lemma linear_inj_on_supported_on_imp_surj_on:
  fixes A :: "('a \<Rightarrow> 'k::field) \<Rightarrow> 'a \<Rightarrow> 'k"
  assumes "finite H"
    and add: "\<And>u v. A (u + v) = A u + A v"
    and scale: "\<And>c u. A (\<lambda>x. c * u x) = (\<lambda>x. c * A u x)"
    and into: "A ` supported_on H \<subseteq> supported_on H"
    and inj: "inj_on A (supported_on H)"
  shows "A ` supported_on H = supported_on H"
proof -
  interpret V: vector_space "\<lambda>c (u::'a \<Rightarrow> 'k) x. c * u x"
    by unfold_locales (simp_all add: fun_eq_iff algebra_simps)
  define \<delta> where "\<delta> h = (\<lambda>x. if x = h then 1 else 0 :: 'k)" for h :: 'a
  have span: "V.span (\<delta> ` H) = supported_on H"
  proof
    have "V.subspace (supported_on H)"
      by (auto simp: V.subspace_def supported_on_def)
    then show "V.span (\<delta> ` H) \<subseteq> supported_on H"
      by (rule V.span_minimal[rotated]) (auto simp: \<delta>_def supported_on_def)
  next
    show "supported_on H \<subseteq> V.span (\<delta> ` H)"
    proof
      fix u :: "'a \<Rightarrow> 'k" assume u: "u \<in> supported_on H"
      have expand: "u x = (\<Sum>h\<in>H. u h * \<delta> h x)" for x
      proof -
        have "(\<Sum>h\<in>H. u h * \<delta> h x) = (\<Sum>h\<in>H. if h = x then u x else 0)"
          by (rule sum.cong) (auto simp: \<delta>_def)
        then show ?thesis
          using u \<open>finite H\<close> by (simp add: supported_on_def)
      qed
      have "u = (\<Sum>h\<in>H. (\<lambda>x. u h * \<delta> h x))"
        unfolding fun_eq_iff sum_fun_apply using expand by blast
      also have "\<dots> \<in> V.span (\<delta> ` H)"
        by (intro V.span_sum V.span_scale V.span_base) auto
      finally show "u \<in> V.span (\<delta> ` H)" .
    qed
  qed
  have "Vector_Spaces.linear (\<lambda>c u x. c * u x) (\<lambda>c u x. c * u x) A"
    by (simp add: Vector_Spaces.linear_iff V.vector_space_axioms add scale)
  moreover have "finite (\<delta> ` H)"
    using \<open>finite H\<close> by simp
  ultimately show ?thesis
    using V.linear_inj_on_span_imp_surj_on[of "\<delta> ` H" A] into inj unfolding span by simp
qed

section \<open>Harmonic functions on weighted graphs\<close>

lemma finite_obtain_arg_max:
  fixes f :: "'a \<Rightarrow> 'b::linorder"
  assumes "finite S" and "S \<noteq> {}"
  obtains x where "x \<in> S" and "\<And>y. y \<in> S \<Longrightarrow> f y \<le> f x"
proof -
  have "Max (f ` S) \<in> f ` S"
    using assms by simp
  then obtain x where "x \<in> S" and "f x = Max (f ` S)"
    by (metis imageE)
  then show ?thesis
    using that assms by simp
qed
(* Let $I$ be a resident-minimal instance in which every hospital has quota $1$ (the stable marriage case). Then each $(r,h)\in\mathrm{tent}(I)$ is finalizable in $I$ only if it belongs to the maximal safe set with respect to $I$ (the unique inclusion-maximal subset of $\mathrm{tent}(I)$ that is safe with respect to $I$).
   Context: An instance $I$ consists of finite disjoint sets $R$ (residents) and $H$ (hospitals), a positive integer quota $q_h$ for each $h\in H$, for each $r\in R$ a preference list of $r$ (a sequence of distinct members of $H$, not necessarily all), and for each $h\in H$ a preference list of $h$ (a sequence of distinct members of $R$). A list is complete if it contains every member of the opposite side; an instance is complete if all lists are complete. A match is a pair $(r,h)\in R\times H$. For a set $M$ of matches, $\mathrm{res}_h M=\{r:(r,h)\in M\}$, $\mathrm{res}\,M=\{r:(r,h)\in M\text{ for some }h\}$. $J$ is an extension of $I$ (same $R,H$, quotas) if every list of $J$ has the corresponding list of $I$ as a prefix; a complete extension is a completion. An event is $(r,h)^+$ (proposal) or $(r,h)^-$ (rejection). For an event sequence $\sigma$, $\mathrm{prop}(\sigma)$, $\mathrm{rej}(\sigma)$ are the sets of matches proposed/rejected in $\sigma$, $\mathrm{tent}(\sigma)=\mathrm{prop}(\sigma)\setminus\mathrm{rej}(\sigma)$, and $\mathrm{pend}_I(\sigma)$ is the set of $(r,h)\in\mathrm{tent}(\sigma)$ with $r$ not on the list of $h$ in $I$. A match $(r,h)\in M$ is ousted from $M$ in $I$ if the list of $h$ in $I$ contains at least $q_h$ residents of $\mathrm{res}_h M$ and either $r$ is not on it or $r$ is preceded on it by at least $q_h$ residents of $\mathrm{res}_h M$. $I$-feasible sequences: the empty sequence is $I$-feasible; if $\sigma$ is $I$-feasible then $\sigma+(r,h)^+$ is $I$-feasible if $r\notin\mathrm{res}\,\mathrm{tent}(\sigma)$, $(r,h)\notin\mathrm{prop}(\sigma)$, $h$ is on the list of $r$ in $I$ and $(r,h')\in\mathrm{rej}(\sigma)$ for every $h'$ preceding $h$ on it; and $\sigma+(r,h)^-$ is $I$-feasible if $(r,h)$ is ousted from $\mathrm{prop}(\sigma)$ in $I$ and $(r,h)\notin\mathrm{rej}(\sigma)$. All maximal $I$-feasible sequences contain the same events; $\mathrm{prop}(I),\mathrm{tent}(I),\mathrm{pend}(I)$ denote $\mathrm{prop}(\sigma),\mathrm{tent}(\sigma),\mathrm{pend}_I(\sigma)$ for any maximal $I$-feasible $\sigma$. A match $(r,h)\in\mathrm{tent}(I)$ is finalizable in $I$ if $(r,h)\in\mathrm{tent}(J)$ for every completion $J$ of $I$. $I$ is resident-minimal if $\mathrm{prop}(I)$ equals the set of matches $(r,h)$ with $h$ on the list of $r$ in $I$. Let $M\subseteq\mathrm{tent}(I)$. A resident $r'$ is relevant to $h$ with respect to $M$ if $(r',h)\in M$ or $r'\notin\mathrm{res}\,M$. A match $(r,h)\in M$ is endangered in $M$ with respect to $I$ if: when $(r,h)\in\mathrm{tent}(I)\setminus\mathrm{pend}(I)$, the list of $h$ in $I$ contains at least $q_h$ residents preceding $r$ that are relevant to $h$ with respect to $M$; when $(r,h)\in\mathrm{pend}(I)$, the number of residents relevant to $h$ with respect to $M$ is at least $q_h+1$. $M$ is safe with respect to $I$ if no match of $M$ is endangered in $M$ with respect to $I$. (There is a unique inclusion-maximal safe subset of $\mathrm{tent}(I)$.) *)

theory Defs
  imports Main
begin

> **ACTIVITY**:
For the material above, produce a word-for-word copy.

> **SOLVED PROBLEM**:
lemma linear_inj_on_supported_on_imp_surj_on:
  fixes A :: "('a \<Rightarrow> 'k::field) \<Rightarrow> 'a \<Rightarrow> 'k"
  assumes "finite H"
    and add: "\<And>u v. A (u + v) = A u + A v"
    and scale: "\<And>c u. A (\<lambda>x. c * u x) = (\<lambda>x. c * A u x)"
    and into: "A ` supported_on H \<subseteq> supported_on H"
    and inj: "inj_on A (supported_on H)"
  shows "A ` supported_on H = supported_on H"
proof -
  interpret V: vector_space "\<lambda>c (u::'a \<Rightarrow> 'k) x. c * u x"
    by unfold_locales (simp_all add: fun_eq_iff algebra_simps)
  define \<delta> where "\<delta> h = (\<lambda>x. if x = h then 1 else 0 :: 'k)" for h :: 'a
  have span: "V.span (\<delta> ` H) = supported_on H"
  proof
    have "V.subspace (supported_on H)"
      by (auto simp: V.subspace_def supported_on_def)
    then show "V.span (\<delta> ` H) \<subseteq> supported_on H"
      by (rule V.span_minimal[rotated]) (auto simp: \<delta>_def supported_on_def)
  next
    show "supported_on H \<subseteq> V.span (\<delta> ` H)"
    proof
      fix u :: "'a \<Rightarrow> 'k" assume u: "u \<in> supported_on H"
      have expand: "u x = (\<Sum>h\<in>H. u h * \<delta> h x)" for x
      proof -
        have "(\<Sum>h\<in>H. u h * \<delta> h x) = (\<Sum>h\<in>H. if h = x then u x else 0)"
          by (rule sum.cong) (auto simp: \<delta>_def)
        then show ?thesis
          using u \<open>finite H\<close> by (simp add: supported_on_def)
      qed
      have "u = (\<Sum>h\<in>H. (\<lambda>x. u h * \<delta> h x))"
        unfolding fun_eq_iff sum_fun_apply using expand by blast
      also have "\<dots> \<in> V.span (\<delta> ` H)"
        by (intro V.span_sum V.span_scale V.span_base) auto
      finally show "u \<in> V.span (\<delta> ` H)" .
    qed
  qed
  have "Vector_Spaces.linear (\<lambda>c u x. c * u x) (\<lambda>c u x. c * u x) A"
    by (simp add: Vector_Spaces.linear_iff V.vector_space_axioms add scale)
  moreover have "finite (\<delta> ` H)"
    using \<open>finite H\<close> by simp
  ultimately show ?thesis
    using V.linear_inj_on_span_imp_surj_on[of "\<delta> ` H" A] into inj unfolding span by simp
qed

section \<open>Harmonic functions on weighted graphs\<close>

lemma finite_obtain_arg_max:
  fixes f :: "'a \<Rightarrow> 'b::linorder"
  assumes "finite S" and "S \<noteq> {}"
  obtains x where "x \<in> S" and "\<And>y. y \<in> S \<Longrightarrow> f y \<le> f x"
proof -
  have "Max (f ` S) \<in> f ` S"
    using assms by simp
  then obtain x where "x \<in> S" and "f x = Max (f ` S)"
    by (metis imageE)
  then show ?thesis
    using that assms by simp
qed
(* Let $I$ be a resident-minimal instance in which every hospital has quota $1$ (the stable marriage case). Then each $(r,h)\in\mathrm{tent}(I)$ is finalizable in $I$ only if it belongs to the maximal safe set with respect to $I$ (the unique inclusion-maximal subset of $\mathrm{tent}(I)$ that is safe with respect to $I$).
   Context: An instance $I$ consists of finite disjoint sets $R$ (residents) and $H$ (hospitals), a positive integer quota $q_h$ for each $h\in H$, for each $r\in R$ a preference list of $r$ (a sequence of distinct members of $H$, not necessarily all), and for each $h\in H$ a preference list of $h$ (a sequence of distinct members of $R$). A list is complete if it contains every member of the opposite side; an instance is complete if all lists are complete. A match is a pair $(r,h)\in R\times H$. For a set $M$ of matches, $\mathrm{res}_h M=\{r:(r,h)\in M\}$, $\mathrm{res}\,M=\{r:(r,h)\in M\text{ for some }h\}$. $J$ is an extension of $I$ (same $R,H$, quotas) if every list of $J$ has the corresponding list of $I$ as a prefix; a complete extension is a completion. An event is $(r,h)^+$ (proposal) or $(r,h)^-$ (rejection). For an event sequence $\sigma$, $\mathrm{prop}(\sigma)$, $\mathrm{rej}(\sigma)$ are the sets of matches proposed/rejected in $\sigma$, $\mathrm{tent}(\sigma)=\mathrm{prop}(\sigma)\setminus\mathrm{rej}(\sigma)$, and $\mathrm{pend}_I(\sigma)$ is the set of $(r,h)\in\mathrm{tent}(\sigma)$ with $r$ not on the list of $h$ in $I$. A match $(r,h)\in M$ is ousted from $M$ in $I$ if the list of $h$ in $I$ contains at least $q_h$ residents of $\mathrm{res}_h M$ and either $r$ is not on it or $r$ is preceded on it by at least $q_h$ residents of $\mathrm{res}_h M$. $I$-feasible sequences: the empty sequence is $I$-feasible; if $\sigma$ is $I$-feasible then $\sigma+(r,h)^+$ is $I$-feasible if $r\notin\mathrm{res}\,\mathrm{tent}(\sigma)$, $(r,h)\notin\mathrm{prop}(\sigma)$, $h$ is on the list of $r$ in $I$ and $(r,h')\in\mathrm{rej}(\sigma)$ for every $h'$ preceding $h$ on it; and $\sigma+(r,h)^-$ is $I$-feasible if $(r,h)$ is ousted from $\mathrm{prop}(\sigma)$ in $I$ and $(r,h)\notin\mathrm{rej}(\sigma)$. All maximal $I$-feasible sequences contain the same events; $\mathrm{prop}(I),\mathrm{tent}(I),\mathrm{pend}(I)$ denote $\mathrm{prop}(\sigma),\mathrm{tent}(\sigma),\mathrm{pend}_I(\sigma)$ for any maximal $I$-feasible $\sigma$. A match $(r,h)\in\mathrm{tent}(I)$ is finalizable in $I$ if $(r,h)\in\mathrm{tent}(J)$ for every completion $J$ of $I$. $I$ is resident-minimal if $\mathrm{prop}(I)$ equals the set of matches $(r,h)$ with $h$ on the list of $r$ in $I$. Let $M\subseteq\mathrm{tent}(I)$. A resident $r'$ is relevant to $h$ with respect to $M$ if $(r',h)\in M$ or $r'\notin\mathrm{res}\,M$. A match $(r,h)\in M$ is endangered in $M$ with respect to $I$ if: when $(r,h)\in\mathrm{tent}(I)\setminus\mathrm{pend}(I)$, the list of $h$ in $I$ contains at least $q_h$ residents preceding $r$ that are relevant to $h$ with respect to $M$; when $(r,h)\in\mathrm{pend}(I)$, the number of residents relevant to $h$ with respect to $M$ is at least $q_h+1$. $M$ is safe with respect to $I$ if no match of $M$ is endangered in $M$ with respect to $I$. (There is a unique inclusion-maximal safe subset of $\mathrm{tent}(I)$.) *)

theory Defs
  imports Main
begin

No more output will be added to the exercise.